● **Source information**:
lemma fixed_sigma2_integral_sigma_diff:
  assumes "\<sigma> (\<sigma> x) = x" "val_ge 0 x" shows "val_ge (2 * e0 + 2) (\<sigma> x - x)"
proof -
  obtain P where P: "P \<noteq> 0" "v P = 2" "\<sigma> (\<sigma> P) = P" "val_ge (2 * e0 + 2) (\<sigma> P - P)"
    using fixed_sigma2_uniformizer by blast
  have "\<exists>r z. \<sigma> r = r \<and> z \<in> {z. \<sigma> (\<sigma> z) = z} \<and> val_ge 0 z \<and> y = r + P * z"
    if y: "y \<in> {y. \<sigma> (\<sigma> y) = y}" "val_ge 0 y" for y
  proof -
    obtain r where r: "\<sigma> r = r" "val_ge 1 (y - r)" using fixed_representative[OF y(2)] by blast
    have "val_ge 2 (y - r)"
    proof (cases "y = r")
      case False
      then have "even (v (y - r))" using even_v_fixed_sigma2[of "y - r"] y(1) r(1) by simp
      then show ?thesis using r(2) False by (auto simp: val_ge_def elim!: evenE)
    qed simp
    then have "val_ge 0 ((y - r) / P)"
      using P(1,2) by (cases "y = r") (simp_all add: val_ge_def v_divide)
    then show ?thesis using r(1) y(1) P(1,3) by (intro exI[of _ r] exI[of _ "(y - r) / P"]) simp
  qed
  moreover have "val_ge 1 P" using P by (simp add: val_ge_def)
  ultimately show ?thesis
    using val_ge_diff_of_uniformizer[OF aut, where S = "{z. \<sigma> (\<sigma> z) = z}", OF _ _ _ P(4)] assms
    by simp
qed

lemma fixed_sigma2_val_ge_sigma_diff:
  assumes x: "\<sigma> (\<sigma> x) = x" "x \<noteq> 0" shows "val_ge (v x + 2 * e0) (\<sigma> x - x)"
proof -
  obtain P where P: "P \<noteq> 0" "v P = 2" "\<sigma> (\<sigma> P) = P" "val_ge (2 * e0 + 2) (\<sigma> P - P)"
    using fixed_sigma2_uniformizer by blast
  obtain k where k: "v x = 2 * k" using even_v_fixed_sigma2[OF x] by (elim evenE)
  define u where "u = x / P powi k"
  have u: "u \<noteq> 0" "v u = 0" "\<sigma> (\<sigma> u) = u" using P x k by (simp_all add: u_def v_divide v_power_int)
  have "higher_unit (2 * e0) (\<sigma> P / P)" using P by (simp add: higher_unit_quotient_iff add.commute)
  moreover have "higher_unit (2 * e0) (\<sigma> u / u)"
    using fixed_sigma2_integral_sigma_diff[OF u(3)] u val_ge_mono
    by (fastforce simp: higher_unit_quotient_iff val_ge_def)
  ultimately have "higher_unit (2 * e0) (\<sigma> (P powi k * u) / (P powi k * u))"
    using higher_unit_automorphism_quotient[OF aut _ P(1) u(1)] e0_pos by simp
  moreover have "x = P powi k * u" using P(1) by (simp add: u_def)
  ultimately show ?thesis using x(2) by (simp add: higher_unit_quotient_iff)
qed

text \<open>As \<open>4\<close> divides \<open>m\<close>, an element of \<open>K0\<close> approximates \<open>x\<close> to order \<open>m + 1\<close>,
  hence to order \<open>m + 2\<close>, valuations on \<open>K1\<close> being even.\<close>
lemma fixed_sigma2_sigma_diff_mod_4:
  assumes x: "\<sigma> (\<sigma> x) = x" "val_ge m x" and m: "4 dvd m"
  shows "val_ge (m + 2 * e0 + 2) (\<sigma> x - x)"
proof -
  obtain c where c: "\<sigma> c = c" "val_ge (m + 1) (x - c)" using approx_by_fixed[OF x(2) m] .
  have "val_ge (m + 2) (x - c)"
  proof (cases "x = c")
    case False
    then have "even (v (x - c))" using even_v_fixed_sigma2[of "x - c"] x(1) c(1) by simp
    then show ?thesis using c(2) False m by (auto simp: val_ge_def elim!: evenE) presburger
  qed simp
  moreover have "\<sigma> x - x = \<sigma> (x - c) - (x - c)" using c(1) by simp
  ultimately show ?thesis
    using fixed_sigma2_val_ge_sigma_diff[of "x - c"] x(1) c(1) val_ge_mono
    by (cases "x = c") (fastforce simp: val_ge_def)+
qed

lemma v_sigma_second_diff:
  assumes "\<alpha> \<noteq> 0" "odd (v \<alpha>)"
  shows "\<sigma> (\<sigma> \<alpha>) - 2 * \<sigma> \<alpha> + \<alpha> \<noteq> 0" "v (\<sigma> (\<sigma> \<alpha>) - 2 * \<sigma> \<alpha> + \<alpha>) = v \<alpha> + 3 * e0"
proof -
  have eq: "\<sigma> (\<sigma> \<alpha>) - 2 * \<sigma> \<alpha> + \<alpha> = (\<sigma> (\<sigma> \<alpha>) - \<alpha>) - 2 * (\<sigma> \<alpha> - \<alpha>)"
    by (simp add: algebra_simps)
  have "val_ge (v (\<sigma> (\<sigma> \<alpha>) - \<alpha>) + 1) (2 * (\<sigma> \<alpha> - \<alpha>))"
    using val_ge_two_mult[OF val_ge_self[of "\<sigma> \<alpha> - \<alpha>"]] v_sigma_diff_odd[OF assms]
      v_sigma2_diff_odd[OF assms] e0_pos val_ge_mono by fastforce
  from v_diff_dominant[OF v_sigma2_diff_odd(1)[OF assms] this]
  show "\<sigma> (\<sigma> \<alpha>) - 2 * \<sigma> \<alpha> + \<alpha> \<noteq> 0" "v (\<sigma> (\<sigma> \<alpha>) - 2 * \<sigma> \<alpha> + \<alpha>) = v \<alpha> + 3 * e0"
    unfolding eq using v_sigma2_diff_odd(2)[OF assms] by simp_all
qed

text \<open>\<open>(\<sigma>\<^sup>2 - 1)(\<sigma> - 1) = Tr - 2 (\<sigma> + \<sigma>\<^sup>2)\<close>, and the trace \<open>Tr \<alpha>\<close> is the trace
  from \<open>K1\<close> of \<open>\<alpha> + \<sigma>\<^sup>2 \<alpha>\<close>, which is small when \<open>v \<alpha> \<equiv> e0 mod 4\<close>.\<close>
lemma v_sigma2_sigma_diff:
  assumes \<alpha>: "\<alpha> \<noteq> 0" "odd (v \<alpha>)" and a: "v \<alpha> mod 4 = e0 mod 4"
  defines "Z \<equiv> \<sigma> (\<sigma> (\<sigma> \<alpha>)) - \<sigma> (\<sigma> \<alpha>) - \<sigma> \<alpha> + \<alpha>"
  shows "Z \<noteq> 0" "v Z = v \<alpha> + 5 * e0"
proof -
  define x where "x = \<alpha> + \<sigma> (\<sigma> \<alpha>)"
  define w where "w = \<sigma> \<alpha> + \<sigma> (\<sigma> \<alpha>)"
  have Z: "Z = (x + \<sigma> x) - 2 * w" by (simp add: Z_def x_def w_def algebra_simps)
  have "val_ge (v \<alpha> + 3 * e0) x"
  proof -
    have "x = 2 * \<alpha> + (\<sigma> (\<sigma> \<alpha>) - \<alpha>)" by (simp add: x_def algebra_simps)
    moreover have "val_ge (v \<alpha> + 3 * e0) (2 * \<alpha>)"
      using val_ge_two_mult[OF val_ge_self[of \<alpha>]] e0_pos val_ge_mono by fastforce
    ultimately show ?thesis using val_ge_sigma2_diff[OF \<alpha>(1)] val_ge_add by metis
  qed
  moreover have "4 dvd v \<alpha> + 3 * e0" using a by presburger
  moreover have "\<sigma> (\<sigma> x) = x" by (simp add: x_def add.commute)
  ultimately have "val_ge (v \<alpha> + 5 * e0 + 1) (2 * x)" "val_ge (v \<alpha> + 5 * e0 + 1) (\<sigma> x - x)"
    using val_ge_two_mult fixed_sigma2_sigma_diff_mod_4 e0_pos val_ge_mono by fastforce+
  moreover have "x + \<sigma> x = 2 * x + (\<sigma> x - x)" by simp
  ultimately have tr: "val_ge (v \<alpha> + 5 * e0 + 1) (x + \<sigma> x)" using val_ge_add by metis
  have d: "\<sigma> (\<sigma> \<alpha>) - \<sigma> \<alpha> \<noteq> 0" "v (\<sigma> (\<sigma> \<alpha>) - \<sigma> \<alpha>) = v \<alpha> + e0"
    using v_sigma_diff_odd[OF \<alpha>] v_sigma[of "\<sigma> \<alpha> - \<alpha>"] by simp_all
  have w_eq: "w = (\<sigma> (\<sigma> \<alpha>) - \<sigma> \<alpha>) + 2 * \<sigma> \<alpha>" by (simp add: w_def algebra_simps)
  have "val_ge (v (\<sigma> (\<sigma> \<alpha>) - \<sigma> \<alpha>) + 1) (2 * \<sigma> \<alpha>)"
    using val_ge_two_mult[OF val_ge_self[of "\<sigma> \<alpha>"]] d \<alpha>(1) e0_pos val_ge_mono by fastforce
  from v_add_dominant[OF d(1) this] have "w \<noteq> 0" "v w = v \<alpha> + e0"
    unfolding w_eq[symmetric] d(2) by simp_all
  then have "2 * w \<noteq> 0" "v (2 * w) = v \<alpha> + 5 * e0" by (simp_all add: v_two_mult)
  moreover have "Z = - (2 * w - (x + \<sigma> x))" unfolding Z by simp
  ultimately show "Z \<noteq> 0" "v Z = v \<alpha> + 5 * e0"
    using v_diff_dominant[of "2 * w" "x + \<sigma> x"] tr by (simp_all add: v_minus_commute[of "x + \<sigma> x"])
qed

lemma v_sigma_diff_correction:
  assumes \<alpha>: "\<alpha> \<noteq> 0" "odd (v \<alpha>)" and y: "\<sigma> \<alpha> - \<alpha> - c \<noteq> 0" "v (\<sigma> \<alpha> - \<alpha> - c) = v \<alpha> + 2 * e0"
  shows "c \<noteq> 0" "v c = v \<alpha> + e0"
proof -
  have "val_ge (v (\<sigma> \<alpha> - \<alpha>) + 1) (\<sigma> \<alpha> - \<alpha> - c)"
    using y v_sigma_diff_odd[OF \<alpha>] e0_pos by (simp add: val_ge_def)
  from v_diff_dominant[OF v_sigma_diff_odd(1)[OF \<alpha>] this] show "c \<noteq> 0" "v c = v \<alpha> + e0"
    using v_sigma_diff_odd(2)[OF \<alpha>] by simp_all
qed

lemma fixed_correction_bound:
  assumes \<alpha>: "\<alpha> \<noteq> 0" "odd (v \<alpha>)" and c: "\<sigma> c = c"
  shows "\<sigma> \<alpha> - \<alpha> - c \<noteq> 0" "v (\<sigma> \<alpha> - \<alpha> - c) \<le> v \<alpha> + 2 * e0"
    and "odd (v (\<sigma> \<alpha> - \<alpha> - c)) \<Longrightarrow> v (\<sigma> \<alpha> - \<alpha> - c) = v \<alpha> + 2 * e0"
proof -
  define y where "y = \<sigma> \<alpha> - \<alpha> - c"
  have "\<sigma> y - y = \<sigma> (\<sigma> \<alpha>) - 2 * \<sigma> \<alpha> + \<alpha>" using c by (simp add: y_def)
  then have d: "\<sigma> y - y \<noteq> 0" "v (\<sigma> y - y) = v \<alpha> + 3 * e0"
    using v_sigma_second_diff[OF \<alpha>] by simp_all
  then show "\<sigma> \<alpha> - \<alpha> - c \<noteq> 0" unfolding y_def[symmetric] by auto
  then show "v (\<sigma> \<alpha> - \<alpha> - c) \<le> v \<alpha> + 2 * e0"
    and "odd (v (\<sigma> \<alpha> - \<alpha> - c)) \<Longrightarrow> v (\<sigma> \<alpha> - \<alpha> - c) = v \<alpha> + 2 * e0"
    using val_ge_sigma_diff[of y] v_sigma_diff_odd[of y] d by (auto simp: y_def val_ge_def)
qed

● **Problem requirements**: Set down, unchanged, only those lines above that fall between the line with "using c(1) by simp" and the line with "define w where", the two end lines included.

● **Response below**:
  moreover have "\<sigma> x - x = \<sigma> (x - c) - (x - c)" using c(1) by simp
  ultimately show ?thesis
    using fixed_sigma2_val_ge_sigma_diff[of "x - c"] x(1) c(1) val_ge_mono
    by (cases "x = c") (fastforce simp: val_ge_def)+
qed

lemma v_sigma_second_diff:
  assumes "\<alpha> \<noteq> 0" "odd (v \<alpha>)"
  shows "\<sigma> (\<sigma> \<alpha>) - 2 * \<sigma> \<alpha> + \<alpha> \<noteq> 0" "v (\<sigma> (\<sigma> \<alpha>) - 2 * \<sigma> \<alpha> + \<alpha>) = v \<alpha> + 3 * e0"
proof -
  have eq: "\<sigma> (\<sigma> \<alpha>) - 2 * \<sigma> \<alpha> + \<alpha> = (\<sigma> (\<sigma> \<alpha>) - \<alpha>) - 2 * (\<sigma> \<alpha> - \<alpha>)"
    by (simp add: algebra_simps)
  have "val_ge (v (\<sigma> (\<sigma> \<alpha>) - \<alpha>) + 1) (2 * (\<sigma> \<alpha> - \<alpha>))"
    using val_ge_two_mult[OF val_ge_self[of "\<sigma> \<alpha> - \<alpha>"]] v_sigma_diff_odd[OF assms]
      v_sigma2_diff_odd[OF assms] e0_pos val_ge_mono by fastforce
  from v_diff_dominant[OF v_sigma2_diff_odd(1)[OF assms] this]
  show "\<sigma> (\<sigma> \<alpha>) - 2 * \<sigma> \<alpha> + \<alpha> \<noteq> 0" "v (\<sigma> (\<sigma> \<alpha>) - 2 * \<sigma> \<alpha> + \<alpha>) = v \<alpha> + 3 * e0"
    unfolding eq using v_sigma2_diff_odd(2)[OF assms] by simp_all
qed

text \<open>\<open>(\<sigma>\<^sup>2 - 1)(\<sigma> - 1) = Tr - 2 (\<sigma> + \<sigma>\<^sup>2)\<close>, and the trace \<open>Tr \<alpha>\<close> is the trace
  from \<open>K1\<close> of \<open>\<alpha> + \<sigma>\<^sup>2 \<alpha>\<close>, which is small when \<open>v \<alpha> \<equiv> e0 mod 4\<close>.\<close>
lemma v_sigma2_sigma_diff:
  assumes \<alpha>: "\<alpha> \<noteq> 0" "odd (v \<alpha>)" and a: "v \<alpha> mod 4 = e0 mod 4"
  defines "Z \<equiv> \<sigma> (\<sigma> (\<sigma> \<alpha>)) - \<sigma> (\<sigma> \<alpha>) - \<sigma> \<alpha> + \<alpha>"
  shows "Z \<noteq> 0" "v Z = v \<alpha> + 5 * e0"
proof -
  define x where "x = \<alpha> + \<sigma> (\<sigma> \<alpha>)"
  define w where "w = \<sigma> \<alpha> + \<sigma> (\<sigma> \<alpha>)"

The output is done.